[Collected data]
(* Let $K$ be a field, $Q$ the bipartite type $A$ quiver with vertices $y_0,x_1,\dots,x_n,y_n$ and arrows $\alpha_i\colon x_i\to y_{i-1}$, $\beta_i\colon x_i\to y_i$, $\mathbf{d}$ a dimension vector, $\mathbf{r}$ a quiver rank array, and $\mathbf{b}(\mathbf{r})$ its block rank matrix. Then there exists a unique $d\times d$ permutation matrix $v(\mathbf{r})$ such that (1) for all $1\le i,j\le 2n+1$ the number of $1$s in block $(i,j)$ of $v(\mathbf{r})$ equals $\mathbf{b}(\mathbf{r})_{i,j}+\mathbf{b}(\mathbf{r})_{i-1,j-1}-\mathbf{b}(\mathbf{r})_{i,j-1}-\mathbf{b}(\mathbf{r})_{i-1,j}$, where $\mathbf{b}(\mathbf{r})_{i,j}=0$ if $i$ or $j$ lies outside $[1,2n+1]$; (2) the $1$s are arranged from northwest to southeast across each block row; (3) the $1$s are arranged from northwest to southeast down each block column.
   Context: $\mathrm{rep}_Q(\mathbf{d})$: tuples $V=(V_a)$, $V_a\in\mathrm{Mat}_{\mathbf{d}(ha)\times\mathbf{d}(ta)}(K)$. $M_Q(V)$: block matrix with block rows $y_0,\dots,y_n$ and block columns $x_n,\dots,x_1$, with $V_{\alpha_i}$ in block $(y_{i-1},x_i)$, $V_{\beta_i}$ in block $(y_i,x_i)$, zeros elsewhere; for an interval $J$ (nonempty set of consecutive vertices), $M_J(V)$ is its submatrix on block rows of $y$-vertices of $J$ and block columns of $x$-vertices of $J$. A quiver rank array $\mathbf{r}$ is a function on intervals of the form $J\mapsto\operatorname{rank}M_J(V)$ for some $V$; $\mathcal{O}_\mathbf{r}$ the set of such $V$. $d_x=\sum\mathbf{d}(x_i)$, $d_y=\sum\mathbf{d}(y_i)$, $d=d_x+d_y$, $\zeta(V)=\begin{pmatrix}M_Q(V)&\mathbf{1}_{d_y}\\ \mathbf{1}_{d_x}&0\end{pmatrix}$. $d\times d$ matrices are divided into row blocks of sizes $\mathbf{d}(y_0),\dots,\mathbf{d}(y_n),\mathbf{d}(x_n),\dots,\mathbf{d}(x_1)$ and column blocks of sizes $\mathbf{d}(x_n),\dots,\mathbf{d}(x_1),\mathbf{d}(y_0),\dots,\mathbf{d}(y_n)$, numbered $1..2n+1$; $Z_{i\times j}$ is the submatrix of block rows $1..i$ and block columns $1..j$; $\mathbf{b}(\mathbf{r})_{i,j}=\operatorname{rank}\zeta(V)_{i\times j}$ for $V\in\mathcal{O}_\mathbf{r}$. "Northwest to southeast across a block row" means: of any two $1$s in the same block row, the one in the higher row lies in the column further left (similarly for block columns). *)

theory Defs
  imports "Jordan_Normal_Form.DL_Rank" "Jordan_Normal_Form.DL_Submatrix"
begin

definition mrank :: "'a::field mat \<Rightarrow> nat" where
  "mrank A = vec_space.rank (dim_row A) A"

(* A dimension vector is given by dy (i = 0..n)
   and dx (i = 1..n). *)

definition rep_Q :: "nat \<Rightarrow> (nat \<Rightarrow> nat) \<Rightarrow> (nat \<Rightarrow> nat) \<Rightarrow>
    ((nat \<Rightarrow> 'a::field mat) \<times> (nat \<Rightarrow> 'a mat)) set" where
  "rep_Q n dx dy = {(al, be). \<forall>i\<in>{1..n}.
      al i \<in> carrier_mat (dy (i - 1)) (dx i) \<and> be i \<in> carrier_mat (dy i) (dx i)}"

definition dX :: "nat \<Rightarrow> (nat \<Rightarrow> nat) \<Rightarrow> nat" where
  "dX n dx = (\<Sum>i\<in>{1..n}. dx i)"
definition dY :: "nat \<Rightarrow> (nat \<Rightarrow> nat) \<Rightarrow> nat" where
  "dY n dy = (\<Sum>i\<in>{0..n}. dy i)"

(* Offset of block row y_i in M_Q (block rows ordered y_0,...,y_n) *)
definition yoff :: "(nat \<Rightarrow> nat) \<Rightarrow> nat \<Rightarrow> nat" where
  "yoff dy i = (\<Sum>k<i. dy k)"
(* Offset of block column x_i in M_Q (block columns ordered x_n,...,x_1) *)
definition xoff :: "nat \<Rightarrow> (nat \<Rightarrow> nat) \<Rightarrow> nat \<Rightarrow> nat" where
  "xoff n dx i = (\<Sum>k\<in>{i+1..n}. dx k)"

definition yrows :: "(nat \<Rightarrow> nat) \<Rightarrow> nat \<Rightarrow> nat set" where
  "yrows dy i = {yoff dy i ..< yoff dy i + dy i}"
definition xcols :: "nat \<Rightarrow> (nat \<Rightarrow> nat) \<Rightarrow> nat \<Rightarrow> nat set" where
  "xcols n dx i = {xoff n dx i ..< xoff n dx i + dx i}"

==

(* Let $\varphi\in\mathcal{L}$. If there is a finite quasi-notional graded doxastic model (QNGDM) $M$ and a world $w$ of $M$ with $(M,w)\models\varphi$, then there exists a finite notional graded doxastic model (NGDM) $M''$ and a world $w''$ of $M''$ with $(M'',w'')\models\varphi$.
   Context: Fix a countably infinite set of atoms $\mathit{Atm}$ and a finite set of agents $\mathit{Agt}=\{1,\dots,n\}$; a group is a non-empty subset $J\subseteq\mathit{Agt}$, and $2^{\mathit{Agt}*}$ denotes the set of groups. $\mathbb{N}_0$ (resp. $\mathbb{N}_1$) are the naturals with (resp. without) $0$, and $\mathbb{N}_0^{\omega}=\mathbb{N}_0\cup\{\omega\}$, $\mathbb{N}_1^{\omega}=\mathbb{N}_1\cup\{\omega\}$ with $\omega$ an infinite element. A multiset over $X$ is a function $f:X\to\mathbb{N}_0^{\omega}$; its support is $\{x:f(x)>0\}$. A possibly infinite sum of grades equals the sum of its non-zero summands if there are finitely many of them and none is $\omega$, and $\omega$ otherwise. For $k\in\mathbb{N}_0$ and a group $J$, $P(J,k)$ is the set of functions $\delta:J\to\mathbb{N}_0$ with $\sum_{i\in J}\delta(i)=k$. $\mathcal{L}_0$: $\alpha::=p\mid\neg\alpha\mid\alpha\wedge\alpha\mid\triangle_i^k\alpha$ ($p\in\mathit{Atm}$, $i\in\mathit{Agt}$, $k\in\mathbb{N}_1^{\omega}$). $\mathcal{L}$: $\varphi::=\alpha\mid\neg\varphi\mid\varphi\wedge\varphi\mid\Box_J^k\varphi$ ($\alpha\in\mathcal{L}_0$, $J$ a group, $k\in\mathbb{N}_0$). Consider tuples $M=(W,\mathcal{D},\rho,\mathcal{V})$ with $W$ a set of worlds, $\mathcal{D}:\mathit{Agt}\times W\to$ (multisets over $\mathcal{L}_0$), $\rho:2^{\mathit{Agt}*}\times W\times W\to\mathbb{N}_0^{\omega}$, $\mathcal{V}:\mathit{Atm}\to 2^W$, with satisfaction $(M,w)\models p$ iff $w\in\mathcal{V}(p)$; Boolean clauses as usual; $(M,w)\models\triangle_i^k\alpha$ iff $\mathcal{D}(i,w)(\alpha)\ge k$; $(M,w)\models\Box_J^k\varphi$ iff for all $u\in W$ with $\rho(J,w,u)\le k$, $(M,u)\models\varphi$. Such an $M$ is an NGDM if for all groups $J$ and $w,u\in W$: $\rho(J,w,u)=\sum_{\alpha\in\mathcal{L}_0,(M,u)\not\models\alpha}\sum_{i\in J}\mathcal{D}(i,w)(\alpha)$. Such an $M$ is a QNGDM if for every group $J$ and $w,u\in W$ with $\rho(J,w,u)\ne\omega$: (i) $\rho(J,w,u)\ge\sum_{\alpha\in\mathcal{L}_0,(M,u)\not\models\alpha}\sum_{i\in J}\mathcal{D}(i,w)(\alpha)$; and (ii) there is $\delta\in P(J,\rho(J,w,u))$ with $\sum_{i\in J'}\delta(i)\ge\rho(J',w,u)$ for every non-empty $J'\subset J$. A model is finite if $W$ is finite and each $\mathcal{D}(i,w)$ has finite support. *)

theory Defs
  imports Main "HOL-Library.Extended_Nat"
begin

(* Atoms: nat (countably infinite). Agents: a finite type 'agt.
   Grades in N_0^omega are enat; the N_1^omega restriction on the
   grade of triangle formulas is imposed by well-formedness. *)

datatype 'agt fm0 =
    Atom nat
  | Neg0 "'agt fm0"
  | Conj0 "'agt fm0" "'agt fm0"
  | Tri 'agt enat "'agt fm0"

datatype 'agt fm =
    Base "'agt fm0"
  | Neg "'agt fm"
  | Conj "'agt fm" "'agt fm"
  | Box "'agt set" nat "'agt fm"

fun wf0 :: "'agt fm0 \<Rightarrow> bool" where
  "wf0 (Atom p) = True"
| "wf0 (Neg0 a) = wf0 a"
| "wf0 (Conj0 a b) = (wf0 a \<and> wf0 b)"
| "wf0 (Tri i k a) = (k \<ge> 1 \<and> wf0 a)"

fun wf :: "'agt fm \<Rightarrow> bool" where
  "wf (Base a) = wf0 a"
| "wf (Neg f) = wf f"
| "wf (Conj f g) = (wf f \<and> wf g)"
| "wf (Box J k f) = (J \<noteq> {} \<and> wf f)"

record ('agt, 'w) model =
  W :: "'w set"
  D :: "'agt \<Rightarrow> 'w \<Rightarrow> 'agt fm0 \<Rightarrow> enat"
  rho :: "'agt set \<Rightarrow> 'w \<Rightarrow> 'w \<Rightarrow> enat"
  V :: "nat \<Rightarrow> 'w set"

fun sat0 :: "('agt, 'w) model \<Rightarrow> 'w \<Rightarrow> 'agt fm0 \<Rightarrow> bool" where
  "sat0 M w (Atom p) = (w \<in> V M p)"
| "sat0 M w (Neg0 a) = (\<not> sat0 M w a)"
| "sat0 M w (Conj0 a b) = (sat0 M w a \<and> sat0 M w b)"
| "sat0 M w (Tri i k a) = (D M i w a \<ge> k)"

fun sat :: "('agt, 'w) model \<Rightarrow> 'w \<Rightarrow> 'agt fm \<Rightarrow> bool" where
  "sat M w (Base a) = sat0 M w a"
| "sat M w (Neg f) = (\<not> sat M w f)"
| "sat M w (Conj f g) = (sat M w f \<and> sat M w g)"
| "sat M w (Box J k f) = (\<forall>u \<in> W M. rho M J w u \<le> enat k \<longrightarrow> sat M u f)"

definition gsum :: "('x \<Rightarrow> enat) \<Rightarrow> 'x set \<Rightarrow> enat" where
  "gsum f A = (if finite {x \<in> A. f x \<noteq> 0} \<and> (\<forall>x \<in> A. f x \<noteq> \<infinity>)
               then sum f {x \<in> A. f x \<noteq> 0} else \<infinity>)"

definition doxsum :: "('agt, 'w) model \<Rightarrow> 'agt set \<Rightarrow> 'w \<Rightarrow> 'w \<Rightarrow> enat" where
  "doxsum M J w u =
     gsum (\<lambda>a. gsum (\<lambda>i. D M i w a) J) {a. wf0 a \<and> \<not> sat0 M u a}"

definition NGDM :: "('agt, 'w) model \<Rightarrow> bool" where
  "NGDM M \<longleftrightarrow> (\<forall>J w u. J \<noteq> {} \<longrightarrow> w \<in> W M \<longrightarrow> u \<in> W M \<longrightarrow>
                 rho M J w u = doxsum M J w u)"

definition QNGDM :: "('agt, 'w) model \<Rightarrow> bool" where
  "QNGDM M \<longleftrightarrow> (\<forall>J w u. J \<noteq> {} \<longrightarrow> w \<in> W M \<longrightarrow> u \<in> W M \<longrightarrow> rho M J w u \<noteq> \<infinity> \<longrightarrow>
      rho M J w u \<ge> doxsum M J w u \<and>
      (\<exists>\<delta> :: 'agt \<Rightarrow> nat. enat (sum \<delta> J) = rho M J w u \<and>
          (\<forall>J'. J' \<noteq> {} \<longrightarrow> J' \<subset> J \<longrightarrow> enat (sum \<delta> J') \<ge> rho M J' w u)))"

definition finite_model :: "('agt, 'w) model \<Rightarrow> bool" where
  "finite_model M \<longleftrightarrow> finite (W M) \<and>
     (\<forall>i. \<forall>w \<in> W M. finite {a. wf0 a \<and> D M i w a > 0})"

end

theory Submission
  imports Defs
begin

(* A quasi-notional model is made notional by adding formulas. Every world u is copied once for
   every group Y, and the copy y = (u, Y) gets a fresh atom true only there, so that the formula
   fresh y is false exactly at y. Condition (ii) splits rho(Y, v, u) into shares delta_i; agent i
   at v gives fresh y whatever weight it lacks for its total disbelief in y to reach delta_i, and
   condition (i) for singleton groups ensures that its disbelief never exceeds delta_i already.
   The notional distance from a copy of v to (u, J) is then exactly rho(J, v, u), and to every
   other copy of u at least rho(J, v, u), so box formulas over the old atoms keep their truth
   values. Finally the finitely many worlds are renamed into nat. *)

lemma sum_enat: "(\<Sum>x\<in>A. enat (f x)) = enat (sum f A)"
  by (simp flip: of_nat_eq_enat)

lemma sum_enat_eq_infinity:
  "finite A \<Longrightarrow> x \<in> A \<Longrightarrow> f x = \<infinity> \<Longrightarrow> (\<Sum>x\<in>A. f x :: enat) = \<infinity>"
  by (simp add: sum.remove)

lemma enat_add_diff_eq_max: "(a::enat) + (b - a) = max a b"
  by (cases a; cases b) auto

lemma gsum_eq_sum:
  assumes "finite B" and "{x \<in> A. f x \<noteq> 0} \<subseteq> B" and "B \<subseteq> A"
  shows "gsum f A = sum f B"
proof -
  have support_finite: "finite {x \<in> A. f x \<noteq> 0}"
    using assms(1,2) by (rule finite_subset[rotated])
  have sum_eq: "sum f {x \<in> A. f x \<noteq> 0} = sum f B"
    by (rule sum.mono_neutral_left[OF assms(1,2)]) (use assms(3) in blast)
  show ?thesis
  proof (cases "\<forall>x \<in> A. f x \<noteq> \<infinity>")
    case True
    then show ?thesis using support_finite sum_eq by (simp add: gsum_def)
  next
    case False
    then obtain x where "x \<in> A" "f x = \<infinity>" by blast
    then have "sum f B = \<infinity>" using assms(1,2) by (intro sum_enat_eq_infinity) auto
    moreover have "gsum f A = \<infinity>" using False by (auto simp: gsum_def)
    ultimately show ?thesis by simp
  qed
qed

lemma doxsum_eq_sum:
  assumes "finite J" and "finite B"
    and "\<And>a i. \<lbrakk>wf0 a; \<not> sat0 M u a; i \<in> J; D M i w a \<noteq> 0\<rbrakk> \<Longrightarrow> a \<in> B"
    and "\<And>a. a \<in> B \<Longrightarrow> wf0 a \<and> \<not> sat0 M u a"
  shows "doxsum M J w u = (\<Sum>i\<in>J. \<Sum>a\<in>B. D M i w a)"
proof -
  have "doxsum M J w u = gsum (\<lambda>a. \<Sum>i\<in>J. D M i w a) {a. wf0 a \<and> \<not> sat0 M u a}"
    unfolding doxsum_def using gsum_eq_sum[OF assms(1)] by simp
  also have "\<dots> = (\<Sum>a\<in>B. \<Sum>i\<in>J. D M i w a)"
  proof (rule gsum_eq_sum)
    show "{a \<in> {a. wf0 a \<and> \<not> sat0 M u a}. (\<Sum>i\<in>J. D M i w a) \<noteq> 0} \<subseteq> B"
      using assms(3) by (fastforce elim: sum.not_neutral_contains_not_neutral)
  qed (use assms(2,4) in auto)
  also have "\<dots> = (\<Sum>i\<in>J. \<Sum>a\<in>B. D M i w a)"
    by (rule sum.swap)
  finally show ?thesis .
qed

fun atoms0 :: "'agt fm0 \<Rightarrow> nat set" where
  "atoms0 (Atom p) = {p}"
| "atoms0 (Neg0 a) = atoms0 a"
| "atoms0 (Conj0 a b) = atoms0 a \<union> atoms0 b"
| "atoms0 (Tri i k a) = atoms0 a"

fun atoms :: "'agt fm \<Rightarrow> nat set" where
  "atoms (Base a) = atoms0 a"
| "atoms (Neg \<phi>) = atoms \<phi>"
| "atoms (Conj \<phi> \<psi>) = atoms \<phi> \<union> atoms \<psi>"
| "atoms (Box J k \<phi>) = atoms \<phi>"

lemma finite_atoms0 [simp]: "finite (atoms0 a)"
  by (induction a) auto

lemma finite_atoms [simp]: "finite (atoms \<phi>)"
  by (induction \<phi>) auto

Task brief -
Retrieve each line of the data in which the word "induction" can be found.

Your response -
  by (induction a) auto
  by (induction \<phi>) auto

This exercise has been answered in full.